Saturday, October 19, 2013

if only she had known...















“We all shine on...like the moon and the stars and the sun...we all shine on...come on and on and on...”  John Lennon
The star was shining out of the center of my mother's head as she stood on the hill some distance from me. A radiating star. I was fascinated in the dream and somewhat lost in it's beams flashing out like an aura.

She died when she was ninety-two, a decade ago. In this place she is in her fifties. I notice her own unique attractive hair style which she created herself. For me, hair in my dreams symbolizes the condition of my spirituality -- hair mussed, spirituality mussed -- hers was perfect.

My mother and I had a difficult relationship that caused her to be deeply hurt and me to be continually protecting myself. Yet I always admired her for her integrity. She was self reflective and honest about herself to a fault, taking the blame in our relationship for far too much. I thought of my own flaws and "if wishes were fishes..." or something more tangible... .

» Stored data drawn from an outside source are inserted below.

(* Let $S_n:=Y_1+Y_2+\dots+Y_{n-1}$. Then, as $n\to\infty$, $S_n/\log(T_n)^\alpha$ converges in distribution to $\Lambda$.
   Context: Let $d\in\mathbb{N}$ and let $\Delta$ be a Borel random variable on $\mathbb{R}^d$. Assume there exist $\alpha>0$ and a random variable $\Lambda$ on $\mathbb{R}^d$ such that, for independent copies $(\Delta_i)$ of $\Delta$, $n^{-\alpha}\sum_{i=1}^n\Delta_i\to\Lambda$ in distribution. Let $T_n:=\lfloor e^{3n^{1/3}}\rfloor$. Let $(R_n)_{n\in\mathbb{N}}$ be independent Bernoulli random variables with parameters $(T_{n+1}-T_n)/T_{n+1}$, let $(\tilde\Delta_n)_{n\in\mathbb{N}}$ be independent copies of $\Delta$, independent of $(R_n)$, and set $Y_n:=R_n\tilde\Delta_n$. *)

theory Defs
  imports "HOL-Probability.Probability"
begin

definition conv_in_distr :: "(nat \<Rightarrow> 'a::topological_space measure) \<Rightarrow> 'a measure \<Rightarrow> bool" where
  "conv_in_distr \<mu> \<nu> \<longleftrightarrow>
     (\<forall>f :: 'a \<Rightarrow> real. continuous_on UNIV f \<and> bounded (range f) \<longrightarrow>
        (\<lambda>n. integral\<^sup>L (\<mu> n) f) \<longlonglongrightarrow> integral\<^sup>L \<nu> f)"

definition T :: "nat \<Rightarrow> nat" where
  "T n = nat \<lfloor>exp (3 * real n powr (1/3))\<rfloor>"

end

theory Submission
  imports Defs "HOL-Real_Asymp.Real_Asymp"
begin

text \<open>The selectors \<open>R i\<close> are independent Bernoulli variables whose parameters sum to
  \<open>ln T n + o(ln T n)\<close>, so by Chebyshev's inequality the number \<open>N\<close> of selected indices
  below \<open>n\<close> satisfies \<open>N / ln T n \<longrightarrow> 1\<close> in probability. Conditionally on the set of selected
  indices, which is independent of the summands, the random sum is a sum of \<open>N\<close> i.i.d. copies
  of \<open>\<Delta>\<close>; dividing it by \<open>(ln T n) powr \<alpha>\<close> instead of \<open>N powr \<alpha>\<close> only rescales by a factor
  close to 1. Weak convergence of the normalised sums is uniform under such rescalings, because a
  weakly convergent sequence is tight and a bounded continuous function is uniformly continuous
  on compact balls.\<close>

section \<open>Logarithmic increments\<close>

lemma ln_diff_bounds:
  fixes a b :: real
  assumes "0 < a" "0 < b"
  shows "(b - a) / b \<le> ln b - ln a" and "ln b - ln a \<le> (b - a) / a"
proof -
  have "ln (a / b) \<le> a / b - 1" and "ln (b / a) \<le> b / a - 1"
    using assms by (simp_all add: ln_le_minus_one)
  then show "(b - a) / b \<le> ln b - ln a" and "ln b - ln a \<le> (b - a) / a"
    using assms by (simp_all add: ln_div diff_divide_distrib)
qed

I get lost in my humanity, my short comings, in my five senses trying to get along in the world, often bogged down as if this is the only reality. My mother loved me greatly, tried her best, looked after everyone and everything in her sphere. Yet her childhood had left her damaged. No self-help books, no social services to work through a shame that was not hers. Opportunities for her smarts and artistic creativity were limited by her role of wife and mother.

In the dream, as I watched her from the distance, I was transported into a larger knowing, into a personal/impersonal love not only for her but for myself, and every face I've ever known. I longed to tell her, to shout up the hill to her, "Oh, if you only had known how perfect you were. If only..."

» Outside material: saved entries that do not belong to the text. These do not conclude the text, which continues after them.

definition words :: "nat \<Rightarrow> nat list set" where
  "words n = {w. set w \<subseteq> {1..n}}"

definition monoid_elems_len :: "nat \<Rightarrow> (nat \<Rightarrow> nat \<Rightarrow> bool) \<Rightarrow> nat \<Rightarrow> nat list set set" where
  "monoid_elems_len n E m = {w \<in> words n. length w = m} // {(u, v). trace_eq E u v}"

definition T_word :: "(nat \<Rightarrow> 'h \<Rightarrow> 'h) \<Rightarrow> nat list \<Rightarrow> 'h \<Rightarrow> 'h" where
  "T_word T w = foldr (\<lambda>i f. T i \<circ> f) w id"

definition left_div :: "nat \<Rightarrow> (nat \<Rightarrow> nat \<Rightarrow> bool) \<Rightarrow> nat list \<Rightarrow> nat list \<Rightarrow> bool" where
  "left_div n E p q \<longleftrightarrow> (\<exists>r \<in> words n. trace_eq E (p @ r) q)"

definition is_join :: "nat \<Rightarrow> (nat \<Rightarrow> nat \<Rightarrow> bool) \<Rightarrow> nat list set \<Rightarrow> nat list \<Rightarrow> bool" where
  "is_join n E U r \<longleftrightarrow> r \<in> words n \<and>
     (\<forall>q \<in> words n. (\<forall>p \<in> U. left_div n E p q) \<longleftrightarrow> left_div n E r q)"

text \<open>T_{\<or>U}, which is 0 when \<or>U = \<infinity> (no such r exists).\<close>
definition T_join :: "nat \<Rightarrow> (nat \<Rightarrow> nat \<Rightarrow> bool) \<Rightarrow> (nat \<Rightarrow> 'h \<Rightarrow> 'h::real_vector) \<Rightarrow> nat list set \<Rightarrow> 'h \<Rightarrow> 'h" where
  "T_join n E T U = (if \<exists>r. is_join n E U r then T_word T (SOME r. is_join n E U r) else (\<lambda>_. 0))"

definition is_clique :: "(nat \<Rightarrow> nat \<Rightarrow> bool) \<Rightarrow> nat set \<Rightarrow> bool" where
  "is_clique E W \<longleftrightarrow> (\<forall>i \<in> W. \<forall>j \<in> W. i \<noteq> j \<longrightarrow> E i j)"

definition clique_number :: "nat \<Rightarrow> (nat \<Rightarrow> nat \<Rightarrow> bool) \<Rightarrow> nat" where
  "clique_number n E = Max {card W | W. W \<subseteq> {1..n} \<and> is_clique E W}"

My mother belongs to the invisible now.  I suspect she knows stars need not stay in the sky. “We all shine on...like the moon and the stars and the sun...we all shine on...come on and on and on...”

photo source: fotolia

Friday, October 4, 2013

sand days...













The golden moments (days) in the stream of life rush pass us; and we see nothing but sand; the angels come and visit us and we only know them after. George
 Elliot

Another ordinary doing-nothing (sand) day looms ahead. Where is my merry heart? Gone and seemingly replaced by a feeling of mundane-ness, routine, habit, and getting chores done. Dropping in on a friend I mention my droop. She picks up a children's book from her coffee table, bought at a second hand store last week. Flipping through the pages I noticed some are worn, some stained and the pictures are faded. This book does reflect my day.

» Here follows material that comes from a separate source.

(* The set consisting of all $\omega_x$ for $x\in\mathrm{Aper}(\sigma)$, together with all $\omega_{x,c}$ for $x\in\bigcup_{q\ge1}\mathrm{Per}_q(\sigma)^\circ$ and $c\in\mathbb{T}$, is a dense subset of the maximal ideal space $\Delta(C(X)'_1)$, and it separates the points of $C(X)'_1$.
   Context: Let $X$ be a non-empty compact Hausdorff space and $\sigma:X\to X$ a homeomorphism. For $n\in\mathbb{Z}$ let $\mathrm{Fix}_n(\sigma)=\{x:\sigma^nx=x\}$; for $p\ge1$ let $\mathrm{Per}_p(\sigma)$ be the set of points of least period $p$; $\mathrm{Aper}(\sigma)$ is the set of points that are not periodic. A superscript $\circ$ denotes interior, $\mathrm{supp}(f)$ the closure of $\{f\ne0\}$. $C(X)$ is the algebra of continuous complex functions with sup norm, $\alpha(f)=f\circ\sigma^{-1}$. $\ell^1(\Sigma)$ is the set of $\ell:\mathbb{Z}\to C(X)$ with $\|\ell\|=\sum_k\|\ell(k)\|_\infty<\infty$, product $(\ell\ell')(n)=\sum_k\ell(k)\alpha^k(\ell'(n-k))$, involution $\ell^*(n)=\overline{\alpha^n(\ell(-n))}$; writing $f_k=\ell(k)$ each element is written $\sum_kf_k\delta^k$. $C(X)'_1$ is the commutant in $\ell^1(\Sigma)$ of $C(X)$ (embedded as elements supported at $0$); it equals $\{\sum_kf_k\delta^k:\mathrm{supp}(f_k)\subset\mathrm{Fix}_k(\sigma)\ \forall k\}$ and is commutative, with maximal ideal space $\Delta(C(X)'_1)$ in the Gelfand topology. For $x\notin\bigcup_{q\ge1}\mathrm{Fix}_q(\sigma)^\circ$ (in particular for $x\in\mathrm{Aper}(\sigma)$), $\omega_x$ is the character $\sum_kf_k\delta^k\mapsto f_0(x)$; for $x\in\bigcup_{q\ge1}\mathrm{Fix}_q(\sigma)^\circ$ (in particular for $x\in\bigcup_{q\ge1}\mathrm{Per}_q(\sigma)^\circ$) and $c\in\mathbb{T}$, $\omega_{x,c}$ is the character $\sum_kf_k\delta^k\mapsto\sum_jf_{jn}(x)c^j$, with $n$ the minimal $n\ge1$ such that $x\in\mathrm{Fix}_n(\sigma)^\circ$. *)

theory Defs
  imports "HOL-Analysis.Analysis"
begin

Yet when closing the book, the edges of the pages coming together are embossed with gold.  Focusing on the faded parts, I had not noticed.  Maybe my no-nothing-droop has a purpose and isn't a wasted day after all "in the grand scheme of things." (I hope.)

Maybe just being and doing nothing is enough. The yellow finch sits here on the deck and breaths. I glance up and feel a flutter of beauty in my chest. I never tire of looking at it doing nothing. The water just lays here horizontal in the lake yet my eyes are always drawn to it, calmed by it. The fall flowers sit here on the table dressed in maroons, oranges, reds, not moving yet filling me with meaning as I write. All do nothing. Twenty minutes later and water is still in the same place, so are the flowers and so will they be tomorrow morning.

I find it comforting that soul-gold possibly etches my do-nothing days when there is nothing new; same chores, same routine, and no potentially exciting things to do.  Hopefully, like the water and flowers merely being is enough. Maybe when the book closes on  all my days, each will be embossed whether I feel it or not. Like George Elliot, maybe my ordinary days, my sand days are angels, too.